[DATASET ENTRIES Boundary: Start]
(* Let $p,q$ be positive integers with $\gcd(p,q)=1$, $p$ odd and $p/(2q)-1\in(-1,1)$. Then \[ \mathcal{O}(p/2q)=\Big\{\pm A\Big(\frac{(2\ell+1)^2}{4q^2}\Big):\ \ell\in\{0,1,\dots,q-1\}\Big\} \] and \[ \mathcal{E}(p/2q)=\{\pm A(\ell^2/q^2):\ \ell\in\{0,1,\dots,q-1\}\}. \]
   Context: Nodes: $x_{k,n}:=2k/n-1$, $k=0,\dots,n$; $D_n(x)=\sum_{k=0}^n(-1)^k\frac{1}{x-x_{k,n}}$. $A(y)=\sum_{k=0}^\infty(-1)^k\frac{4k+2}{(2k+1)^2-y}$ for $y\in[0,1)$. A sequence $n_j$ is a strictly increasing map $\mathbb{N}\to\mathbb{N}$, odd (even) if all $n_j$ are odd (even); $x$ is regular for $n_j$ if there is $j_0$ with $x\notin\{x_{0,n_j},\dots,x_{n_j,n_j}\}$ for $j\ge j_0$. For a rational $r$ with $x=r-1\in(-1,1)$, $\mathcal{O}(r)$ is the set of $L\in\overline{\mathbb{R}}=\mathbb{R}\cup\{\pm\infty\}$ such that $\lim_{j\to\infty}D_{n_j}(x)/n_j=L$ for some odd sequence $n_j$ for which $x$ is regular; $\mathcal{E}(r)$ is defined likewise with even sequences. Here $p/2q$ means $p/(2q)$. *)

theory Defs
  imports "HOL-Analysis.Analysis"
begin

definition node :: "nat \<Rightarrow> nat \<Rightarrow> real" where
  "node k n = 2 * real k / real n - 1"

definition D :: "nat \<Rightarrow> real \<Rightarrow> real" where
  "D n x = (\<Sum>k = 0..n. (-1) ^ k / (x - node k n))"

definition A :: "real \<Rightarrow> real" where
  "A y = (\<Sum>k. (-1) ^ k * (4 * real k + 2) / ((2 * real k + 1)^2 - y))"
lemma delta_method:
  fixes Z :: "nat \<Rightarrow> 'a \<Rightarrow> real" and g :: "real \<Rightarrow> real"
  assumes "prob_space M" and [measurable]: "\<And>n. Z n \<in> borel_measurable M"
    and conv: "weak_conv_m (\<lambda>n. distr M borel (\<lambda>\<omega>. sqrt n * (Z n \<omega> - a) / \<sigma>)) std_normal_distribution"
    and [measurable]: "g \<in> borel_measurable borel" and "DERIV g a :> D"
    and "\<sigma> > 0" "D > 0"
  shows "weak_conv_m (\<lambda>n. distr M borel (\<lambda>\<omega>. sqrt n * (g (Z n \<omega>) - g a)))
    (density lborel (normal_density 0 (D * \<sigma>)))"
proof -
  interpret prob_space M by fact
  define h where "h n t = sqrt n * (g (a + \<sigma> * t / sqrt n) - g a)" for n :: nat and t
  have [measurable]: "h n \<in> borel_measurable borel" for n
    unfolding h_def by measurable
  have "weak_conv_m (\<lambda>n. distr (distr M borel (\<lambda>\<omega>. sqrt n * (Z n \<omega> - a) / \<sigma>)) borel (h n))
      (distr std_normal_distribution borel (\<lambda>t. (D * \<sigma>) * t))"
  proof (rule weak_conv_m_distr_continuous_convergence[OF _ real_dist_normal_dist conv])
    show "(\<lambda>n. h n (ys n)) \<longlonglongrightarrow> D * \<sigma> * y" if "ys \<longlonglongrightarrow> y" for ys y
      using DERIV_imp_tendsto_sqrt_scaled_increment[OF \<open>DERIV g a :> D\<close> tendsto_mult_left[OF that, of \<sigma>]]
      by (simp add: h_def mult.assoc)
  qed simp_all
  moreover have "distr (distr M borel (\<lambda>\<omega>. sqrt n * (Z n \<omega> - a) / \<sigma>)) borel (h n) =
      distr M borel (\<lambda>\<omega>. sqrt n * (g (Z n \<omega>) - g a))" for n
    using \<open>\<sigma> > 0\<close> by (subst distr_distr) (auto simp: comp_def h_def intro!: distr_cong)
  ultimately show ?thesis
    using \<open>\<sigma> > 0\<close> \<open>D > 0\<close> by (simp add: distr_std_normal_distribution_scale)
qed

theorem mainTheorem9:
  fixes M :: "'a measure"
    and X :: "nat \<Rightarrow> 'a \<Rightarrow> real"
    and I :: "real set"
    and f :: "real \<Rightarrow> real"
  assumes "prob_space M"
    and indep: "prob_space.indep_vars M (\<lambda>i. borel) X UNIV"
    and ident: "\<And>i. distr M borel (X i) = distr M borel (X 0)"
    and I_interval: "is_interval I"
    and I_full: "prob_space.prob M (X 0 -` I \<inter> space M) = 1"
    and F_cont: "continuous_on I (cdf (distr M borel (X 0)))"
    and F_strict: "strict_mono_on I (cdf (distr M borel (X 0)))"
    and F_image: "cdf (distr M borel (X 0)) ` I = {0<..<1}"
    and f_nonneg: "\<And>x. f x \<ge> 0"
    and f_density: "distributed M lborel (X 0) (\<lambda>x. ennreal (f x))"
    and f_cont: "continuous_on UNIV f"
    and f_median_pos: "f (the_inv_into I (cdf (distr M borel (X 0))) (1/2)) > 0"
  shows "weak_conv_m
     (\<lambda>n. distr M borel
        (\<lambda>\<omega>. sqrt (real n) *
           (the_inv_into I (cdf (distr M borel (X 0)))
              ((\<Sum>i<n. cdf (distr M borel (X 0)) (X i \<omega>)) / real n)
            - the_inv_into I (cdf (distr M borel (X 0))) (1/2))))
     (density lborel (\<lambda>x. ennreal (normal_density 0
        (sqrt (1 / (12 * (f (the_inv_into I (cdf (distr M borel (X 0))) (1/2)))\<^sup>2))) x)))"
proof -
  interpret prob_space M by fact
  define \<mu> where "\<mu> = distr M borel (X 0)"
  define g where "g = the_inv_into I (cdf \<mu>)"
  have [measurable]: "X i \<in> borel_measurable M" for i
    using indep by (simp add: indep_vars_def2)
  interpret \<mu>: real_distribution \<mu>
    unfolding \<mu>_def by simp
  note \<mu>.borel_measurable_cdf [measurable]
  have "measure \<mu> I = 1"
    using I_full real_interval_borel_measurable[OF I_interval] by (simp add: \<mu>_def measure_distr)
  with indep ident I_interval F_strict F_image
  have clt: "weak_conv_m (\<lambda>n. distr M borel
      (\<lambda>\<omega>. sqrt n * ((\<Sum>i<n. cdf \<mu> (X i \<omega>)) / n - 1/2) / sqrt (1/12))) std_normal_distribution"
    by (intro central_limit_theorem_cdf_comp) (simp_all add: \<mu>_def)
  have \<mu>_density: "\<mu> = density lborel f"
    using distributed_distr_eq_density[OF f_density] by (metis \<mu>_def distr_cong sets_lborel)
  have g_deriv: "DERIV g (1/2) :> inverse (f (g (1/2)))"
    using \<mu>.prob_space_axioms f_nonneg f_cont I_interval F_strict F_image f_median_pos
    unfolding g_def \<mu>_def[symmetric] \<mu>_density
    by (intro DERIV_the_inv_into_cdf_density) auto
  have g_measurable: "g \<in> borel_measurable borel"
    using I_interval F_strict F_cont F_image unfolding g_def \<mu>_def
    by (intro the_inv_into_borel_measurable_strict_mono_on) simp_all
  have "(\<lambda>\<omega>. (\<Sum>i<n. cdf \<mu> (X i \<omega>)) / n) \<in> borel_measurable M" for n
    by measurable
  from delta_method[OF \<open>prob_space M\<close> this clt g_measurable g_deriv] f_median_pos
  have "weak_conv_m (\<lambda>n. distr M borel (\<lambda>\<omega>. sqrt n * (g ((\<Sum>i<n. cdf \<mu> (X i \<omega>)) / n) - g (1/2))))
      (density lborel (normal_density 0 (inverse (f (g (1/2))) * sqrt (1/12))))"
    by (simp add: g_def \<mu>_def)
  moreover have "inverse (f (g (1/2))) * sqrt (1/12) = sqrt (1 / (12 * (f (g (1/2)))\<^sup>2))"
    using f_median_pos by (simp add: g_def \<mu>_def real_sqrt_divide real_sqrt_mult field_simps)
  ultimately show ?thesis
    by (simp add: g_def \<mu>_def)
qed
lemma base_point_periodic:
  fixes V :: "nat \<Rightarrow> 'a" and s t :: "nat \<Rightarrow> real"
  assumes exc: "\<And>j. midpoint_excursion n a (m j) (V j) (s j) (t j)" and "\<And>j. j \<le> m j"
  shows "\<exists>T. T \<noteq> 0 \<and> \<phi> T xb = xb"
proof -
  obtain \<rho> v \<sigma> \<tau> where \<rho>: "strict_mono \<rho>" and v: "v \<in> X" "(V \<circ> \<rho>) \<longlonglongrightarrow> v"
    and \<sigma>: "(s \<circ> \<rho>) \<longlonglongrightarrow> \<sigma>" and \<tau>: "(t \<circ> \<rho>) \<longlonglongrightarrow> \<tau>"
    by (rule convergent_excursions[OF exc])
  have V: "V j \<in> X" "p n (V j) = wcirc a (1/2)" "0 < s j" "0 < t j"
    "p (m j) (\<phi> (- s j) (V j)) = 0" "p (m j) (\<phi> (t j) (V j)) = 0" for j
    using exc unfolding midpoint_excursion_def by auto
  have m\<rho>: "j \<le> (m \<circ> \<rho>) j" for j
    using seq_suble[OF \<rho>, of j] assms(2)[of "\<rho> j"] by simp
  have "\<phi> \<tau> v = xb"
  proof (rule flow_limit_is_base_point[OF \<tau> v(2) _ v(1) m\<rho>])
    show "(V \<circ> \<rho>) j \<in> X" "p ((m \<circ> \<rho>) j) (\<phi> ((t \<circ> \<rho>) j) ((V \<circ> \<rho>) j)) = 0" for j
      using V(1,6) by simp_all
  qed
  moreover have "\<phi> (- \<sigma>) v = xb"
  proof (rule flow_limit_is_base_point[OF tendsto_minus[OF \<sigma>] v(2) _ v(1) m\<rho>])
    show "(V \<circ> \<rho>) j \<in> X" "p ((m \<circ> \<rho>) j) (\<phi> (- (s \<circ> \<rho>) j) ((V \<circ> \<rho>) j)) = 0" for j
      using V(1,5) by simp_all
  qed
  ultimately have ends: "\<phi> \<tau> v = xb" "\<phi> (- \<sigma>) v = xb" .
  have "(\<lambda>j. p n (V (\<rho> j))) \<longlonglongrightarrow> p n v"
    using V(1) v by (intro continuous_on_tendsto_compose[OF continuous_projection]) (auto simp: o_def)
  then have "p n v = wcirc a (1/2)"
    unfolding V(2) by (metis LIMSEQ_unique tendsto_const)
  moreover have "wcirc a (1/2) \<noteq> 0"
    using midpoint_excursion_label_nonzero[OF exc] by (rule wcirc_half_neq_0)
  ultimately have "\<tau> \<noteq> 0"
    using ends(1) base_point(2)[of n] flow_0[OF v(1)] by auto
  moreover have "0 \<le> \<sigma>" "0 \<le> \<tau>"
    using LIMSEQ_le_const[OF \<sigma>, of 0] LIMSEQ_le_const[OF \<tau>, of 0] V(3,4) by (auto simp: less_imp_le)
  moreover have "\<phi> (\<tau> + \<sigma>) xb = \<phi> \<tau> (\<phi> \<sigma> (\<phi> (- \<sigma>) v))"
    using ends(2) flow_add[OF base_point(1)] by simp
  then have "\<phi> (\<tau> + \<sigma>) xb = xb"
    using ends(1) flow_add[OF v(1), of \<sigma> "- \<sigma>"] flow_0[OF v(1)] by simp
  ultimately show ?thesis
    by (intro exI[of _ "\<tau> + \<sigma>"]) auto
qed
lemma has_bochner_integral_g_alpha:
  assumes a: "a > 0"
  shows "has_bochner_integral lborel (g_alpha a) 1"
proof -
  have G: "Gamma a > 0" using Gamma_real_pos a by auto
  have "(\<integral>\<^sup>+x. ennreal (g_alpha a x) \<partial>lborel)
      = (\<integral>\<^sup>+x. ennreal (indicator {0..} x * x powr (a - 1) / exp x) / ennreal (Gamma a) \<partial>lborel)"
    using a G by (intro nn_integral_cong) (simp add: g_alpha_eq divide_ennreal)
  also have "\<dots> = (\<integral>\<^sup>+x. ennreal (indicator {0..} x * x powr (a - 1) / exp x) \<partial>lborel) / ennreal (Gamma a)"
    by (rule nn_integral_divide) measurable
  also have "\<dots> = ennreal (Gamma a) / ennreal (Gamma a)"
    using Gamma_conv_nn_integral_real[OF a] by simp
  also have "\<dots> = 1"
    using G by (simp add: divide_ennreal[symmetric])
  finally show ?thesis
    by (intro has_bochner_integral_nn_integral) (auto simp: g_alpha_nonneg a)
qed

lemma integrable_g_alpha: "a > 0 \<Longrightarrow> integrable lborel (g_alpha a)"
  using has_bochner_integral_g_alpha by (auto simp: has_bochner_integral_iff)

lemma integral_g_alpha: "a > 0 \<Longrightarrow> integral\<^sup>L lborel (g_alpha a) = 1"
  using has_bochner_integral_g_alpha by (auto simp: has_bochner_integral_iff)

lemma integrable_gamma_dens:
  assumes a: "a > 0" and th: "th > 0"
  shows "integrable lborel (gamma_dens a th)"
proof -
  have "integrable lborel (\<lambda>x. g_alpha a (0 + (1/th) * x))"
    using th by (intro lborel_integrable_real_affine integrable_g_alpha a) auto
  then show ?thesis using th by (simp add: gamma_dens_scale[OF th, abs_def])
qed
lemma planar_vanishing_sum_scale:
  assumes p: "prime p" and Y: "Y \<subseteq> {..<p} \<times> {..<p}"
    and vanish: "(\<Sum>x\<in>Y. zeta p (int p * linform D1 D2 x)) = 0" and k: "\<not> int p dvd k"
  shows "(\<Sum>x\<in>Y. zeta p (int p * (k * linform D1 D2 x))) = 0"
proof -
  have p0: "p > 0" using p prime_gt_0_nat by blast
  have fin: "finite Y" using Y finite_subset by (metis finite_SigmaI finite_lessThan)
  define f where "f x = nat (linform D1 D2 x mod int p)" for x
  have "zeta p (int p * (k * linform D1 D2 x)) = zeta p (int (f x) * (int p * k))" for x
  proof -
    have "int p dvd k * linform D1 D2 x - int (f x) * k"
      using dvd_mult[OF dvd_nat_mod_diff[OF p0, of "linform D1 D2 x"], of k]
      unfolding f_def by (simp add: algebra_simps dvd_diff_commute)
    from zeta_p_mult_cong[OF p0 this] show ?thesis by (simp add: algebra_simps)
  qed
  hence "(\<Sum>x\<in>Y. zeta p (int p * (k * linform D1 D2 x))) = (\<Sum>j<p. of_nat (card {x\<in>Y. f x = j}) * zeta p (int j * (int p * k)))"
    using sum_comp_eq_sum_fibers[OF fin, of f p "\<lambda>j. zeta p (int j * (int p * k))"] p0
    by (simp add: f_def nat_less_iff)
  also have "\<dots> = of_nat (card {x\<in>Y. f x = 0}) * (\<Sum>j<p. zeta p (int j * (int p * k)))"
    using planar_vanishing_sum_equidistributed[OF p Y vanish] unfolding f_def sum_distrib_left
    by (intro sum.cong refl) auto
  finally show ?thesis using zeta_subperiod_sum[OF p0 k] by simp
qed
[DATASET ENTRIES Boundary: End]
**WHAT TO DO:**
Please copy out each line of the material that holds the string "this".

**OUTPUT OF THE EXERCISE:**
  from delta_method[OF \<open>prob_space M\<close> this clt g_measurable g_deriv] f_median_pos
    from zeta_p_mult_cong[OF p0 this] show ?thesis by (simp add: algebra_simps)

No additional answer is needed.